NEW YORK — The staggering success of Calvin Klein’s CK One in America has cast unisex fragrances in a new light: what was once considered niche is now viewed as a market all in itself, particularly by mass market knockoff artists.
To date, nearly eight CK One clones have been cited. The mimics include U From Parfums de Coeur Ltd., of Darien, Conn.; DQI One from Designer Quality Impressionists, New York; QK Too, from Deborah International of Ronkonkoma, New York; A Man & A Woman by Jean Philippe Fragrances, New York, and Chromosome XX XY from Parfums Vision International of Edgewood, N.Y.
And many other American companies with broad distribution are also jumping on the gender-bending wagon.
The Gap’s new collection of bath and body products, called Gap Scents, was created for both masculine and feminine consumption, including its four spray colognes.
Richard Barrie Fragrances will capitalize on the trend while cashing in on the popularity of Aaron Spelling’s nighttime soap opera — Melrose Place.
The new scent, which will bow later this year, will target young viewers of both sexes.
While CK One has brought the trend to the fore, the concept of shared fragrances quite probably has its roots in the European mass market.
After all, citrusy eaux fraiches and eaux de colognes purchased at the local pharmacy have been splashed on by both men and women in Europe for generations, particularly in warm Mediterranean countries. One of the most well known is the German brand 4711, which was acquired by Richard Barrie last year.
The fragrance, which has always been broadly distributed, is classified as an eau de cologne refresher. It consists of sandalwood oil, attar of roses, vetiver oil, bergamot, lemon and orange oils.

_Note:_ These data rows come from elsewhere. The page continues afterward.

definition proj_DJ :: "'a set set \<Rightarrow> nat \<Rightarrow> ('a \<Rightarrow> z2vec) \<Rightarrow> 'a set \<Rightarrow> ('a \<Rightarrow> z2vec) \<Rightarrow> bool" where
  "proj_DJ K n \<Lambda> \<sigma> lam' \<longleftrightarrow> (\<exists>\<mu>. is_proj K n \<Lambda> \<sigma> \<mu> \<and>
      DJ_equiv (link_verts K \<sigma>) (n - card \<sigma>) \<mu> lam')"

definition min_nonfaces :: "'a set set \<Rightarrow> 'a set \<Rightarrow> 'a set set" where
  "min_nonfaces K V = {\<tau>. \<tau> \<subseteq> V \<and> \<tau> \<notin> K \<and> (\<forall>\<rho>. \<rho> \<subset> \<tau> \<longrightarrow> \<rho> \<in> K)}"

text \<open>Vertices of wed_p K: Inl v for v in V - {p}, p1 = Inr False, p2 = Inr True.\<close>
abbreviation p1 :: "'a + bool" where "p1 \<equiv> Inr False"
abbreviation p2 :: "'a + bool" where "p2 \<equiv> Inr True"

definition wed_verts :: "'a set \<Rightarrow> 'a \<Rightarrow> ('a + bool) set" where
  "wed_verts V p = Inl ` (V - {p}) \<union> {p1, p2}"

definition wed_min_nonfaces :: "'a set set \<Rightarrow> 'a set \<Rightarrow> 'a \<Rightarrow> ('a + bool) set set" where
  "wed_min_nonfaces K V p =
     {Inl ` \<tau> | \<tau>. \<tau> \<in> min_nonfaces K V \<and> p \<notin> \<tau>} \<union>
     {Inl ` (\<tau> - {p}) \<union> {p1, p2} | \<tau>. \<tau> \<in> min_nonfaces K V \<and> p \<in> \<tau>}"

definition wed :: "'a set set \<Rightarrow> 'a set \<Rightarrow> 'a \<Rightarrow> ('a + bool) set set" where
  "wed K V p = {\<sigma>. \<sigma> \<subseteq> wed_verts V p \<and> (\<forall>\<tau>\<in>wed_min_nonfaces K V p. \<not> \<tau> \<subseteq> \<sigma>)}"

text \<open>Identification of lk p2 with K (p1 -> p) and of lk p1 with K (p2 -> p).\<close>
definition ident2 :: "'a \<Rightarrow> 'a + bool \<Rightarrow> 'a" where
  "ident2 p w = (case w of Inl v \<Rightarrow> v | Inr _ \<Rightarrow> p)"

definition ident1 :: "'a \<Rightarrow> 'a + bool \<Rightarrow> 'a" where
  "ident1 p w = (case w of Inl v \<Rightarrow> v | Inr _ \<Rightarrow> p)"

definition p_adjacent :: "'a set set \<Rightarrow> 'a set \<Rightarrow> nat \<Rightarrow> 'a \<Rightarrow> ('a \<Rightarrow> z2vec) \<Rightarrow> ('a \<Rightarrow> z2vec) \<Rightarrow> bool" where
  "p_adjacent K V n p lam1 lam2 \<longleftrightarrow> (\<exists>\<Lambda>. char_map (wed K V p) (wed_verts V p) (n + 1) \<Lambda> \<and>
      proj_DJ (wed K V p) (n + 1) \<Lambda> {p2} (lam1 \<circ> ident2 p) \<and>
      proj_DJ (wed K V p) (n + 1) \<Lambda> {p1} (lam2 \<circ> ident1 p))"

definition polygon :: "nat \<Rightarrow> nat set set" where
  "polygon m = {\<sigma>. \<sigma> \<subseteq> {1..m} \<and> card \<sigma> \<le> 1} \<union> {{i, i mod m + 1} | i. i \<in> {1..m}}"

definition supp :: "'a set \<Rightarrow> ('a \<Rightarrow> z2vec) \<Rightarrow> 'a \<Rightarrow> 'a set" where
  "supp V lam p = {v\<in>V. lam v = lam p}"

end

theory Submission
  imports Defs
begin

text \<open>
  Let \<Lambda> be a characteristic map over wed_p K of dimension n + 1.  Its projections at the
  apexes p2 and p1 are the quotients by \<Lambda>(p2) resp. \<Lambda>(p1).  For a vertex v \<noteq> p of K,
  \<lambda>1(v) = \<lambda>1(p) thus means \<Lambda>(v) + \<Lambda>(p1) \<in> {0, \<Lambda>(p2)}; since {v, p1} is a face this is
  \<Lambda>(v) + \<Lambda>(p1) + \<Lambda>(p2) = 0, a condition symmetric in p1 and p2.  Hence p-adjacent maps have
  the same support of p.

  Conversely, let \<phi> \<in> GL(n) with \<phi>(\<lambda>1(p)) = \<lambda>2(p) and \<lambda>2(v) \<in> {\<phi>(\<lambda>1(v)), \<phi>(\<lambda>1(v) + \<lambda>1(p))}
  for all v.  Then \<Lambda>(v) = (\<lambda>1(v), t_v), with t_v recording which of the two cases occurs,
  \<Lambda>(p2) = e_(n+1) and \<Lambda>(p1) = (\<lambda>1(p), 1) is a characteristic map over the wedge whose two
  projections are \<lambda>1 and \<lambda>2.  In Z_2^2 such a \<phi> exists as soon as the supports agree: the
  nonzero vectors other than \<lambda>2(p) are \<phi>(\<lambda>1(v)) and \<phi>(\<lambda>1(v)) + \<lambda>2(p) whenever
  \<lambda>1(v) \<noteq> \<lambda>1(p).  The argument only uses that P_m has all vertices and no minimal non-face of
  size less than 2.
\<close>

lemma vzero_apply: "\<not> vzero i"
  by (simp add: vzero_def)

lemma vadd_self [simp]: "vadd x x = vzero"
  by (simp add: vadd_def vzero_def)

lemma vadd_vzero [simp]: "vadd x vzero = x" "vadd vzero x = x"
  by (simp_all add: vadd_def vzero_def)

lemma vadd_eq_vzero_iff: "vadd x y = vzero \<longleftrightarrow> x = y"
  by (auto simp: vadd_def vzero_def fun_eq_iff)

lemma vadd_eq_swap: "vadd x a = b \<longleftrightarrow> vadd x b = a"
  by (auto simp: vadd_def fun_eq_iff)

lemma vadd_in_vec: "x \<in> vec n \<Longrightarrow> y \<in> vec n \<Longrightarrow> vadd x y \<in> vec n"
  by (simp add: vec_def vadd_def)

lemma vzero_in_vec [simp]: "vzero \<in> vec n"
  by (simp add: vec_def vzero_def)

lemma vec_mono: "x \<in> vec n \<Longrightarrow> n \<le> k \<Longrightarrow> x \<in> vec k"
  by (simp add: vec_def)

lemma vec_fun_upd_False: "x \<in> vec n \<Longrightarrow> x(n := False) = x"
  by (rule fun_upd_idem) (simp add: vec_def)

lemma linear_z2_vzero: "linear_z2 n k \<psi> \<Longrightarrow> \<psi> vzero = vzero"
  using vadd_self[of "\<psi> vzero"] by (auto simp: linear_z2_def dest!: bspec[of _ _ vzero])

lemma vsum_empty [simp]: "vsum f {} = vzero"
  by (simp add: vsum_def vzero_def)

lemma vsum_singleton [simp]: "vsum f {x} = f x"
proof
  fix i
  have "{v\<in>{x}. f v i} = (if f x i then {x} else {})" by auto
  then show "vsum f {x} i = f x i" by (simp add: vsum_def)
qed

lemma vsum_insert:
  assumes "finite T" "x \<notin> T"
  shows "vsum f (insert x T) = vadd (f x) (vsum f T)"
proof
  fix i
  have "{v\<in>insert x T. f v i} = (if f x i then insert x {v\<in>T. f v i} else {v\<in>T. f v i})" by auto
  then show "vsum f (insert x T) i = vadd (f x) (vsum f T) i"
    using assms by (simp add: vsum_def vadd_def)
qed

lemma vsum_in_vec: "(\<And>x. x \<in> T \<Longrightarrow> f x \<in> vec n) \<Longrightarrow> vsum f T \<in> vec n"
proof -
  assume "\<And>x. x \<in> T \<Longrightarrow> f x \<in> vec n"
  then have "\<And>i. i \<ge> n \<Longrightarrow> {v\<in>T. f v i} = {}" by (auto simp: vec_def)
  then show ?thesis by (simp add: vec_def vsum_def del: Collect_empty_eq)
qed

lemma vsum_cong: "(\<And>x. x \<in> T \<Longrightarrow> f x = g x) \<Longrightarrow> vsum f T = vsum g T"
  unfolding vsum_def by (metis (mono_tags, lifting) Collect_cong)

lemma vsum_remove_vzero: "f q = vzero \<Longrightarrow> vsum f (T - {q}) = vsum f T"
proof -
  assume "f q = vzero"
  then have "\<And>i. {v\<in>T - {q}. f v i} = {v\<in>T. f v i}" by (auto simp: vzero_def)
  then show ?thesis by (simp add: vsum_def)
qed

lemma vsum_reindex: "inj_on g T \<Longrightarrow> vsum f (g ` T) = vsum (f \<circ> g) T"
proof -
  assume inj: "inj_on g T"
  have "\<And>i. {u\<in>g ` T. f u i} = g ` {v\<in>T. f (g v) i}" by auto
  moreover have "\<And>i. card (g ` {v\<in>T. f (g v) i}) = card {v\<in>T. f (g v) i}"
    using inj by (auto intro: card_image inj_on_subset)
  ultimately show ?thesis by (simp add: vsum_def)
qed

lemma linear_z2_vsum:
  assumes lin: "linear_z2 n k \<psi>" and "finite T" and "\<And>x. x \<in> T \<Longrightarrow> f x \<in> vec n"
  shows "\<psi> (vsum f T) = vsum (\<psi> \<circ> f) T"
  using assms(2,3)
proof (induction T rule: finite_induct)
  case empty
  show ?case using linear_z2_vzero[OF lin] by simp
next
  case (insert x T)
  have "vsum f T \<in> vec n" "f x \<in> vec n" using insert.prems by (auto intro: vsum_in_vec)
  then show ?case
    using insert lin by (simp add: vsum_insert linear_z2_def)
qed

lemma vspan_singleton: "vspan f {q} = {vzero, f q}"
  unfolding vspan_def subset_singleton_iff
  by (auto intro: exI[of _ "{}"] exI[of _ "{q}"])

lemma lin_indep_subset: "lin_indep f S \<Longrightarrow> T \<subseteq> S \<Longrightarrow> lin_indep f T"
  unfolding lin_indep_def by (meson finite_subset inj_on_subset order_trans)

lemma lin_indep_cong: "lin_indep f S \<Longrightarrow> (\<And>x. x \<in> S \<Longrightarrow> f x = g x) \<Longrightarrow> lin_indep g S"
  unfolding lin_indep_def by (metis inj_on_cong subsetD vsum_cong)

lemma lin_indep_reindex:
  assumes "lin_indep f (g ` S)" "inj_on g S"
  shows "lin_indep (f \<circ> g) S"
  unfolding lin_indep_def
proof (intro conjI allI impI)
  show "finite S" "inj_on (f \<circ> g) S"
    using assms by (auto simp: lin_indep_def finite_image_iff comp_inj_on)
  fix T assume "T \<subseteq> S" "T \<noteq> {}"
  then show "vsum (f \<circ> g) T \<noteq> vzero"
    using assms vsum_reindex[of g T f] inj_on_subset[of g S T]
    unfolding lin_indep_def by (metis image_is_empty image_mono)
qed

lemma lin_indep_if_comp_linear:
  assumes lin: "linear_z2 n k \<phi>" and vec: "\<And>x. x \<in> S \<Longrightarrow> f x \<in> vec n"
    and indep: "lin_indep (\<phi> \<circ> f) S"
  shows "lin_indep f S"
  unfolding lin_indep_def
proof (intro conjI allI impI)
  show "finite S" "inj_on f S"
    using indep by (auto simp: lin_indep_def inj_on_def)
  fix T assume T: "T \<subseteq> S" "T \<noteq> {}"
  then have "\<phi> (vsum f T) = vsum (\<phi> \<circ> f) T"
    using indep vec by (intro linear_z2_vsum[OF lin]) (auto simp: lin_indep_def intro: finite_subset)
  moreover have "vsum (\<phi> \<circ> f) T \<noteq> vzero" using indep T by (auto simp: lin_indep_def)
  ultimately show "vsum f T \<noteq> vzero" using linear_z2_vzero[OF lin] by auto
qed

lemma lin_indep_iff_vsum:
  "lin_indep f S \<longleftrightarrow> finite S \<and> (\<forall>T\<subseteq>S. T \<noteq> {} \<longrightarrow> vsum f T \<noteq> vzero)"
proof -
  have "inj_on f S" if "\<forall>T\<subseteq>S. T \<noteq> {} \<longrightarrow> vsum f T \<noteq> vzero"
  proof (rule inj_onI, rule ccontr)
    fix x y assume "x \<in> S" "y \<in> S" "f x = f y" "x \<noteq> y"
    then show False
      using that[rule_format, of "{x, y}"] by (simp add: vsum_insert)
  qed
  then show ?thesis by (auto simp: lin_indep_def)
qed

lemma lin_indep_kernel_extension:
  assumes lin: "linear_z2 n k \<psi>" and vec: "\<And>x. x \<in> S \<Longrightarrow> f x \<in> vec n"
    and "finite S" and q: "\<psi> (f q) = vzero" "f q \<noteq> vzero"
    and indep: "lin_indep (\<psi> \<circ> f) (S - {q})"
  shows "lin_indep f S"
  unfolding lin_indep_iff_vsum
proof (intro conjI allI impI notI)
  show "finite S" by fact
  fix T assume T: "T \<subseteq> S" "T \<noteq> {}" and sum: "vsum f T = vzero"
  have "finite T" using T(1) \<open>finite S\<close> by (rule finite_subset)
  then have "\<psi> (vsum f T) = vsum (\<psi> \<circ> f) T"
    using T vec by (intro linear_z2_vsum[OF lin]) auto
  also have "\<dots> = vsum (\<psi> \<circ> f) (T - {q})"
    using q by (intro vsum_remove_vzero[symmetric]) simp
  finally have "vsum (\<psi> \<circ> f) (T - {q}) = vzero"
    using sum linear_z2_vzero[OF lin] by simp
  moreover have "T - {q} \<subseteq> S - {q}" using T(1) by blast
  ultimately have "T - {q} = {}"
    using indep unfolding lin_indep_iff_vsum by blast
  then have "T = {q}" using T(2) by blast
  then show False using sum q by simp
qed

Many experts feel that the broad acceptance of shared fragrances has spurred on the prestige market to launch tonier versions, including Annick Goutal’s Eau d’Hadrien and Eau Parfumee from Bulgari.
The difference between European eaux de cologne and the recent additions is that traditional eaux de cologne aren’t marketed deliberately as being unisex.
CK One, on the other hand, plays up this image with co-ed “lifestyle” advertising and modern streamlined packaging. Another difference is that the original formulas, which were designed mostly to refresh, weren’t created to be as long-lasting as CK One.
CK One, which is classified as a light and transparent scent, has somewhat of a more complex structure than an eau fraiche.
Its top notes include bergamot, cardamon, fresh pineapple and papaya. The middle notes are hedione high cis, a highly refined aromatic material that approximates a key element in jasmine. The dry down finishes with two musks, amber and a green tea accord, which helps to create a lingering impression.